Task brief: Each line of the records below that contains "they" needs to be copied.

───── Data records ─────

lemma O_plus_linear_seed:
  assumes "infinite (UNIV :: 'v set)" and "linear_law (L :: 'v trm \<times> 'v trm)"
  shows "\<exists>p. linear_law p \<and> O_plus L \<alpha> = instances p"
proof (induction \<alpha>)
  case Nil
  have "O_plus L [] = instances L"
    by (auto simp: O_plus_def instances_def)
  then show ?case using assms(2) by blast
next
  case (Cons d \<alpha>)
  then obtain l r where lin: "linear_law (l, r)" and eq: "O_plus L \<alpha> = instances (l, r)"
    by auto
  obtain z where z: "z \<notin> vars l"
    using ex_new_if_finite[OF assms(1) List.finite_set] by blast
  with lin have "z \<notin> vars l \<union> vars r"
    by (simp add: linear_law_def)
  then have "O_plus L (d # \<alpha>) = instances (Op_at d (Var z) l, Op_at d (Var z) r)"
    unfolding O_plus_Cons eq by (rule ctx_op_instances)
  then show ?case
    using linear_law_Op_at[OF lin z] by blast
qed

lemma generator_linear_seed:
  assumes "infinite (UNIV :: 'v set)" and "\<forall>L\<in>Ls. linear_law L"
    and "g \<in> generators (Ls :: ('v trm \<times> 'v trm) set)"
  shows "\<exists>p. linear_law p \<and> g = instances p"
proof -
  obtain L \<alpha> where "L \<in> Ls" and g: "g = O_plus L \<alpha> \<or> g = O_minus L \<alpha>"
    using assms(3) by (auto simp: generators_def)
  then obtain l r where lin: "linear_law (l, r)" and eq: "O_plus L \<alpha> = instances (l, r)"
    using O_plus_linear_seed[OF assms(1)] assms(2) by fastforce
  have "O_minus L \<alpha> = instances (r, l)"
    by (simp add: O_minus_def eq converse_instances)
  then show ?thesis
    using g lin linear_law_swap eq by blast
qed

lemma ex_fresh_renaming:
  assumes "infinite (UNIV :: 'v set)" and "finite (A :: 'v set)" and "finite (B :: 'v set)"
  shows "\<exists>\<pi>. inj_on \<pi> A \<and> \<pi> ` A \<inter> B = {}"
proof -
  have "infinite (UNIV - B)"
    using assms(1,3) by (simp add: Diff_infinite_finite)
  then obtain C where C: "C \<subseteq> UNIV - B" "finite C" "card C = card A"
    using infinite_arbitrarily_large by blast
  then obtain \<pi> where "bij_betw \<pi> A C"
    using finite_same_card_bij[OF assms(2) C(2)] by metis
  then show ?thesis
    using C(1) by (auto simp: bij_betw_def)
qed

lemma linear_seed_rename_apart:
  assumes "infinite (UNIV :: 'v set)" and lin: "linear_law (l, r)" and "finite (B :: 'v set)"
  shows "\<exists>l' r'. linear_law (l', r') \<and> instances (l', r') = instances (l, r) \<and> vars l' \<inter> B = {}"
proof -
  obtain \<pi> where \<pi>: "inj_on \<pi> (vars l)" "\<pi> ` vars l \<inter> B = {}"
    using ex_fresh_renaming[OF assms(1) _ assms(3)] by blast
  define \<theta> where "\<theta> x = Var (\<pi> x)" for x :: 'v
  have vars_lr: "vars l = vars r" and inj: "injective_term l" "injective_term r"
    using lin by (auto simp: linear_law_def)
  have "\<forall>x\<in>vars l \<union> vars r. subst (\<lambda>y. Var (inv_into (vars l) \<pi> y)) (\<theta> x) = Var x"
    using \<pi>(1) vars_lr by (simp add: \<theta>_def)
  then have "instances (subst \<theta> l, subst \<theta> r) = instances (l, r)"
    by (rule instances_subst_eq)
  moreover have "linear_subst \<theta> (vars l)"
    using \<pi>(1) by (auto simp: linear_subst_def \<theta>_def injective_term_def inj_on_def pairwise_def)
  then have "linear_law (subst \<theta> l, subst \<theta> r)"
    using inj vars_lr by (simp add: linear_law_def injective_term_subst_iff vars_subst)
  moreover have "vars (subst \<theta> l) \<inter> B = {}"
    using \<pi>(2) by (auto simp: vars_subst \<theta>_def)
  ultimately show ?thesis by blast
qed
lemma gap_above_u0:
  assumes u0_lim: "filterlim (u0 f) at_top at_top"
    and cvx: "convex_on {U<..} f" and der: "\<And>u. U < u \<Longrightarrow> (f has_real_derivative f' u) (at u)"
    and lam: "1 < lam" and \<sigma>: "0 < \<sigma>"
    and secant: "\<forall>\<^sub>F u in at_top. f u - f (lam * u) \<le> (1 - \<sigma>) * (lam - 1) * u * - f' u"
  shows "\<forall>\<^sub>F x in at_top. \<forall>u\<ge>lam * u0 f x.
           omega f x + \<sigma> * (lam - 1) / 2 * u0 f x \<le> h f u x - u * f u"
proof -
  define \<eta> where "\<eta> = \<sigma> * (1 - 1 / lam) / 2"
  have "0 < \<eta>"
    using \<sigma> lam by (simp add: \<eta>_def)
  obtain N where N: "\<And>u. N \<le> u \<Longrightarrow> f u < \<eta>"
    using order_tendstoD(2)[OF tendsto_zero \<open>0 < \<eta>\<close>] by (auto simp: eventually_at_top_linorder)
  show ?thesis
    using eventually_ge_at_top[of X] filterlim_at_top_dense[THEN iffD1, OF u0_lim, rule_format, of "max (max U 0) N"]
      eventually_compose_filterlim[OF secant u0_lim]
  proof eventually_elim
    case (elim x)
    define a where "a = u0 f x"
    have a: "U < a" "0 < a" "N < a"
      using elim(2) by (auto simp: a_def)
    note gain = gain_above_u0[where f' = f', OF elim(1) a(2)[unfolded a_def] der[OF a(1)[unfolded a_def]] elim(3)]
    show ?case
    proof (intro allI impI)
      fix u assume "lam * u0 f x \<le> u"
      then have "lam * a \<le> u"
        by (simp add: a_def)
      moreover have "a < lam * a"
        using a lam by simp
      ultimately have "a < u"
        by linarith
      have "\<sigma> * (u - u / lam) \<le> \<sigma> * (u - a)"
        using \<open>lam * a \<le> u\<close> lam \<sigma> by (intro mult_left_mono) (auto simp: field_simps)
      moreover have "\<sigma> * (u - u / lam) = 2 * (\<eta> * u)"
        by (simp add: \<eta>_def algebra_simps)
      moreover have "u * f u \<le> \<eta> * u"
        using mult_left_mono[of "f u" \<eta> u] N[of u] a \<open>a < u\<close> by (simp add: mult.commute)
      moreover have "\<sigma> * (lam - 1) / 2 * a = \<eta> * (lam * a)"
        using lam by (simp add: \<eta>_def field_simps)
      moreover have "\<eta> * (lam * a) \<le> \<eta> * u"
        using \<open>lam * a \<le> u\<close> \<open>0 < \<eta>\<close> by simp
      moreover have "omega f x + \<sigma> * (u - a) \<le> h f u x"
        using h_ge_chord_above_u0[OF cvx elim(1) _ _ lam \<open>lam * u0 f x \<le> u\<close> gain] a by (simp add: a_def)
      ultimately show "omega f x + \<sigma> * (lam - 1) / 2 * u0 f x \<le> h f u x - u * f u"
        unfolding a_def by linarith
    qed
  qed
qed
lemma graph_increment_bound:
  assumes cont: "continuous_on {0..q} h" and "u \<in> {0..q}"
  shows "h u - h 0 \<le> sc (dnf_slope_bound D kT kY) u \<and> h 0 - h u \<le> sc (dnf_slope_bound D kT kY) u"
proof (rule increment_bound_from_gaps[of "graph_thresholds D kT kY e"])
  show "finite (graph_thresholds D kT kY e)" unfolding graph_thresholds_def by simp
next
  fix p u :: 'v
  assume "0 \<le> p" "p < u" "u \<le> q" "\<forall>w\<in>graph_thresholds D kT kY e. w \<le> p \<or> u \<le> w"
  then obtain s c0 where s: "\<bar>s\<bar> \<le> dnf_slope_bound D kT kY" and h: "\<forall>t\<in>{p..u}. h t = sc s t + c0"
    using graph_affine_between_thresholds[OF cont] by blast
  have "h u - h p = sc s (u - p)" "h p - h u = sc (- s) (u - p)"
    using h \<open>p < u\<close> by (simp_all add: sc_diff_right sc_minus_left)
  moreover have "s \<le> dnf_slope_bound D kT kY" "- s \<le> dnf_slope_bound D kT kY"
    using s abs_ge_self abs_ge_minus_self order_trans by blast+
  ultimately show "h u - h p \<le> sc (dnf_slope_bound D kT kY) (u - p) \<and>
      h p - h u \<le> sc (dnf_slope_bound D kT kY) (u - p)"
    using \<open>p < u\<close> sc_mono_scalar[of "u - p"] by simp
qed (use assms in simp)

end

end

definition var_env :: "('i \<Rightarrow> nat) \<Rightarrow> ('i \<Rightarrow> 'v::zero) \<Rightarrow> nat \<Rightarrow> 'v" where
  "var_env \<iota> z j = (if j \<in> range \<iota> then z (inv \<iota> j) else 0)"

lemma var_env_apply: "inj \<iota> \<Longrightarrow> var_env \<iota> z (\<iota> k) = z k"
  unfolding var_env_def by simp

lemma var_env_upd: "inj \<iota> \<Longrightarrow> var_env \<iota> (z(k := v)) = (var_env \<iota> z)(\<iota> k := v)"
  unfolding var_env_def by (auto simp: fun_eq_iff)

lemma definable_iff_var_env:
  "definable sc S \<longleftrightarrow> finite (UNIV :: 'i set) \<and>
     (\<exists>\<phi> (\<iota> :: 'i \<Rightarrow> nat). inj \<iota> \<and> S = {z. sat sc (var_env \<iota> z) \<phi>})"
  unfolding definable_def var_env_def by simp

definition graph_point :: "'v \<Rightarrow> 'v ^ 'n \<Rightarrow> 'v ^ 'n \<Rightarrow> unit + 'n + 'n \<Rightarrow> 'v" where
  "graph_point t x y k = (case k of Inl _ \<Rightarrow> t | Inr (Inl j) \<Rightarrow> x $ j | Inr (Inr j) \<Rightarrow> y $ j)"

lemma definable_homotopy_iff_graph_point:
  "definable_homotopy sc q X H \<longleftrightarrow>
     definable sc {graph_point t x (H (t, x)) | t x. t \<in> {0..q} \<and> x \<in> X}"
  unfolding definable_homotopy_def graph_point_def by simp

lemma graph_point_agree_iff:
  fixes x x' y' :: "'v::zero ^ 'n" and i :: 'n
  shows "(\<forall>k. k \<notin> range (\<lambda>j. Inr (Inr j)) - {Inr (Inr i)} \<longrightarrow>
      graph_point t' x' y' k = ((graph_point 0 x 0)(Inl () := t, Inr (Inr i) := y)) k)
    \<longleftrightarrow> t' = t \<and> x' = x \<and> y' $ i = y"
proof -
  have "k \<notin> range (\<lambda>j. Inr (Inr j)) - {Inr (Inr i)} \<longleftrightarrow> k = Inl () \<or> (\<exists>j. k = Inr (Inl j)) \<or> k = Inr (Inr i)"
    for k :: "unit + 'n + 'n"
  proof (cases k)
    case (Inr k')
    then show ?thesis by (cases k') auto
  qed auto
  then show ?thesis by (auto simp: graph_point_def vec_eq_iff)
qed

context nontrivial_ordered_vs
begin

lemma definable_cylinder_dnf:
  fixes S :: "('i \<Rightarrow> 'v) set" and J :: "'i set"
  assumes "definable sc S"
  shows "\<exists>(\<iota> :: 'i \<Rightarrow> nat) D. inj \<iota> \<and>
    (\<forall>z. dnf_holds (var_env \<iota> z) D \<longleftrightarrow> (\<exists>z'\<in>S. \<forall>k. k \<notin> J \<longrightarrow> z' k = z k))"
proof -
  obtain \<phi> and \<iota> :: "'i \<Rightarrow> nat" where "finite (UNIV :: 'i set)" and \<iota>: "inj \<iota>"
    and S: "S = {z. sat sc (var_env \<iota> z) \<phi>}"
    using assms unfolding definable_iff_var_env by blast
  then have "finite (\<iota> ` J)" by (meson finite_imageI finite_subset subset_UNIV)
  then obtain D where D: "\<And>e. dnf_holds e D \<longleftrightarrow>
      (\<exists>e'. (\<forall>j. j \<notin> \<iota> ` J \<longrightarrow> e' j = e j) \<and> dnf_holds e' (dnf_of_fm \<phi>))"
    using dnf_exists_vars by blast
  have "dnf_holds (var_env \<iota> z) D \<longleftrightarrow> (\<exists>z'\<in>S. \<forall>k. k \<notin> J \<longrightarrow> z' k = z k)" for z
  proof
    assume "dnf_holds (var_env \<iota> z) D"
    then obtain e' where e': "\<forall>j. j \<notin> \<iota> ` J \<longrightarrow> e' j = var_env \<iota> z j" "dnf_holds e' (dnf_of_fm \<phi>)"
      using D by blast
    have "var_env \<iota> (e' \<circ> \<iota>) = e'"
    proof
      fix j
      show "var_env \<iota> (e' \<circ> \<iota>) j = e' j"
        using e'(1)[rule_format, of j] by (cases "j \<in> range \<iota>") (auto simp: var_env_def f_inv_into_f)
    qed
    then have "e' \<circ> \<iota> \<in> S" using e'(2) unfolding S by (simp add: dnf_holds_dnf_of_fm)
    moreover have "(e' \<circ> \<iota>) k = z k" if "k \<notin> J" for k
      using that e'(1)[rule_format, of "\<iota> k"] \<iota> by (simp add: inj_image_mem_iff var_env_apply)
    ultimately show "\<exists>z'\<in>S. \<forall>k. k \<notin> J \<longrightarrow> z' k = z k" by blast
  next
    assume "\<exists>z'\<in>S. \<forall>k. k \<notin> J \<longrightarrow> z' k = z k"
    then obtain z' where "dnf_holds (var_env \<iota> z') (dnf_of_fm \<phi>)" and z': "\<forall>k. k \<notin> J \<longrightarrow> z' k = z k"
      unfolding S by (auto simp: dnf_holds_dnf_of_fm)
    moreover have "var_env \<iota> z' j = var_env \<iota> z j" if "j \<notin> \<iota> ` J" for j
      using that z' \<iota> by (cases "j \<in> range \<iota>") (auto simp: var_env_apply, simp add: var_env_def)
    ultimately show "dnf_holds (var_env \<iota> z) D" using D by blast
  qed
  then show ?thesis using \<iota> by blast
qed
primrec conv_pow :: "real measure \<Rightarrow> nat \<Rightarrow> real measure" where
  "conv_pow \<rho> 0 = return borel 0"
| "conv_pow \<rho> (Suc n) = convolution \<rho> (conv_pow \<rho> n)"

definition mgf :: "real measure \<Rightarrow> real \<Rightarrow> ennreal" where
  "mgf \<rho> \<gamma> = (\<integral>\<^sup>+ x. ennreal (exp (\<gamma> * x)) \<partial>\<rho>)"

definition class_L :: "real \<Rightarrow> real measure set" where
  "class_L \<gamma> = {\<rho>. (\<forall>x. tail \<rho> x > 0) \<and>
      (\<forall>a. (\<lambda>x. tail \<rho> (x + a)) \<sim>[at_top] (\<lambda>x. exp (- \<gamma> * a) * tail \<rho> x))}"

definition class_S :: "real \<Rightarrow> real measure set" where
  "class_S \<gamma> = {\<rho>. \<rho> \<in> class_L \<gamma> \<and> mgf \<rho> \<gamma> < \<infinity> \<and>
      (\<lambda>x. tail (convolution \<rho> \<rho>) x) \<sim>[at_top] (\<lambda>x. 2 * enn2real (mgf \<rho> \<gamma>) * tail \<rho> x)}"

definition Lambda1 :: "real measure \<Rightarrow> nat \<Rightarrow> (nat \<Rightarrow> real) set" where
  "Lambda1 \<mu> n = {l. incseq l \<and> filterlim l at_top sequentially \<and>
      (\<forall>x. convergent (\<lambda>k. tail \<mu> (l k + x) / tail (conv_pow \<mu> n) (l k)))}"

definition mlim :: "real measure \<Rightarrow> nat \<Rightarrow> (nat \<Rightarrow> real) \<Rightarrow> real \<Rightarrow> real" where
  "mlim \<mu> n l x = lim (\<lambda>k. tail \<mu> (l k + x) / tail (conv_pow \<mu> n) (l k))"

end

theory Submission
  imports Defs
begin

(* Write d = mu [0, oo) and let nu be the n-th convolution power of mu. The event
   {X_1 > x, X_2 >= 0, ..., X_n >= 0} gives tail mu x * d^(n-1) <= tail nu x. Hence, along any
   l_k -> oo, the ratio tail mu (l_k + x) / tail nu (l_k) is at most d^(1-n) times
   tail nu (l_k + x) / tail nu (l_k), which tends to exp (-gamma x) because nu is in L(gamma).
   So for each x the ratios are bounded, and as functions of x they are decreasing and
   right-continuous; a Helly-type selection gives a subsequence along which they converge for
   every x, and monotonicity and the bound d^(1-n) exp (-gamma x) pass to the limit.
   Only the L(gamma) part of nu in S(gamma) is used. *)

lemma real_distribution_convolution:
  assumes "real_distribution M" "real_distribution N"
  shows "real_distribution (convolution M N)"
proof -
  interpret M: real_distribution M by fact
  interpret N: real_distribution N by fact
  interpret pair_prob_space M N ..
  have "prob_space (convolution M N)"
    unfolding convolution_def by (rule prob_space_distr) simp
  then show ?thesis
    by (simp add: real_distribution_def real_distribution_axioms_def convolution_def)
qed

lemma real_distribution_conv_pow:
  assumes "real_distribution M"
  shows "real_distribution (conv_pow M k)"
proof (induction k)
  case 0
  show ?case
    by (simp add: real_distribution_def real_distribution_axioms_def prob_space_return)
next
  case (Suc k)
  then show ?case
    using assms by (simp add: real_distribution_convolution)
qed

lemma measure_convolution_ge:
  assumes "real_distribution M" "real_distribution N"
    and "A \<in> sets borel" "B \<in> sets borel" "C \<in> sets borel"
    and "\<And>a b. a \<in> A \<Longrightarrow> b \<in> B \<Longrightarrow> a + b \<in> C"
  shows "measure M A * measure N B \<le> measure (convolution M N) C"
proof -
  interpret M: real_distribution M by fact
  interpret N: real_distribution N by fact
  interpret pair_prob_space M N ..
  have sum_measurable: "(\<lambda>(x, y). x + y) \<in> borel_measurable (M \<Otimes>\<^sub>M N)"
    by measurable
  have "measure M A * measure N B = measure (M \<Otimes>\<^sub>M N) (A \<times> B)"
    using assms(3,4) N.emeasure_pair_measure_Times[of A M B]
    by (simp add: measure_def enn2real_mult)
  also have "\<dots> \<le> measure (M \<Otimes>\<^sub>M N) ((\<lambda>(x, y). x + y) -` C \<inter> space (M \<Otimes>\<^sub>M N))"
    using assms(3-6) measurable_sets[OF sum_measurable assms(5)]
    by (intro finite_measure_mono) (auto simp: space_pair_measure)
  also have "\<dots> = measure (convolution M N) C"
    using assms(5) by (simp add: convolution_def measure_distr)
  finally show ?thesis .
qed

lemma measure_conv_pow_nonneg_ge:
  assumes "real_distribution M"
  shows "measure M {0..} ^ k \<le> measure (conv_pow M k) {0..}"
proof (induction k)
  case 0
  show ?case by (simp add: measure_return)
next
  case (Suc k)
  have "measure M {0..} ^ Suc k \<le> measure M {0..} * measure (conv_pow M k) {0..}"
    using Suc by (simp add: mult_left_mono)
  also have "\<dots> \<le> measure (conv_pow M (Suc k)) {0..}"
    using assms real_distribution_conv_pow[OF assms]
    by (simp, intro measure_convolution_ge) auto
  finally show ?case .
qed

lemma tail_conv_pow_Suc_ge:
  assumes "real_distribution M"
  shows "tail M x * measure M {0..} ^ k \<le> tail (conv_pow M (Suc k)) x"
proof -
  have "tail M x * measure M {0..} ^ k \<le> tail M x * measure (conv_pow M k) {0..}"
    using measure_conv_pow_nonneg_ge[OF assms] by (simp add: tail_def mult_left_mono)
  also have "\<dots> \<le> tail (conv_pow M (Suc k)) x"
    using assms real_distribution_conv_pow[OF assms]
    unfolding tail_def by (simp, intro measure_convolution_ge) auto
  finally show ?thesis .
qed

lemma tail_nonneg: "0 \<le> tail M x"
  by (simp add: tail_def)

context real_distribution
begin

lemma antimono_tail: "antimono (tail M)"
  by (intro antimonoI) (auto simp: tail_def intro!: finite_measure_mono)

lemma tail_eq_1_minus_cdf: "tail M x = 1 - cdf M x"
proof -
  have "prob (space M - {..x}) = 1 - prob {..x}"
    by (rule prob_compl) simp
  moreover have "space M - {..x} = {x<..}"
    by auto
  ultimately show ?thesis
    by (simp add: tail_def cdf_def)
qed

lemma tail_shift_continuous_at_right: "continuous (at_right x) (\<lambda>y. tail M (c + y))"
proof (rule continuous_within_compose2[where f = "\<lambda>y. c + y" and g = "tail M"])
  show "continuous (at_right x) (\<lambda>y. c + y)"
    by (intro continuous_intros)
  have "(\<lambda>y. c + y) ` {x<..} = {c + x<..}"
    by (auto simp: image_iff algebra_simps intro!: bexI[of _ "_ - c"])
  then show "continuous (at (c + x) within (\<lambda>y. c + y) ` {x<..}) (tail M)"
    using cdf_is_right_cont[of "c + x"]
    by (simp add: tail_eq_1_minus_cdf[abs_def] continuous_intros)
qed

end

lemma Bseq_convergent_subseq:
  fixes X :: "nat \<Rightarrow> real"
  assumes "Bseq X"
  shows "\<exists>r. strict_mono r \<and> convergent (X \<circ> r)"
proof -
  obtain r where "strict_mono r" "monoseq (\<lambda>k. X (r k))"
    using seq_monosub by blast
  then show ?thesis
    using Bseq_monoseq_convergent[OF Bseq_subseq[OF assms]] by (auto simp: comp_def)
qed

lemma countable_convergent_subseq:
  fixes f :: "nat \<Rightarrow> 'a \<Rightarrow> real"
  assumes "countable D" and bounded: "\<And>x. x \<in> D \<Longrightarrow> Bseq (\<lambda>k. f k x)"
  shows "\<exists>s. strict_mono s \<and> (\<forall>x\<in>D. convergent (\<lambda>k. f (s k) x))"
proof (cases "D = {}")
  case True
  then show ?thesis
    using strict_mono_id by blast
next
  case False
  define r where "r = from_nat_into D"
  have range_r: "range r = D"
    using False assms(1) by (simp add: r_def)
  interpret subseqs "\<lambda>n s. convergent (\<lambda>k. f (s k) (r n))"
  proof
    fix n and s :: "nat \<Rightarrow> nat"
    have "Bseq (\<lambda>k. f (s k) (r n))"
      using bounded[of "r n"] range_r by (auto intro: Bseq_subseq)
    then obtain r' where "strict_mono r'" "convergent ((\<lambda>k. f (s k) (r n)) \<circ> r')"
      using Bseq_convergent_subseq by blast
    then show "\<exists>r'. strict_mono r' \<and> convergent (\<lambda>k. f ((s \<circ> r') k) (r n))"
      by (auto simp: comp_def)
  qed
  have "convergent (\<lambda>k. f (diagseq k) (r n))" for n
  proof -
    have "convergent (\<lambda>k. f ((diagseq \<circ> (+) (Suc n)) k) (r n))"
      by (rule diagseq_holds) (auto dest: convergent_subseq_convergent simp: comp_def)
    then show ?thesis
      using convergent_ignore_initial_segment[of "\<lambda>k. f (diagseq k) (r n)" "Suc n"]
      by (simp add: add.commute)
  qed
  then show ?thesis
    using subseq_diagseq range_r by blast
qed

─────

Answer:
   So for each x the ratios are bounded, and as functions of x they are decreasing and
   right-continuous; a Helly-type selection gives a subsequence along which they converge for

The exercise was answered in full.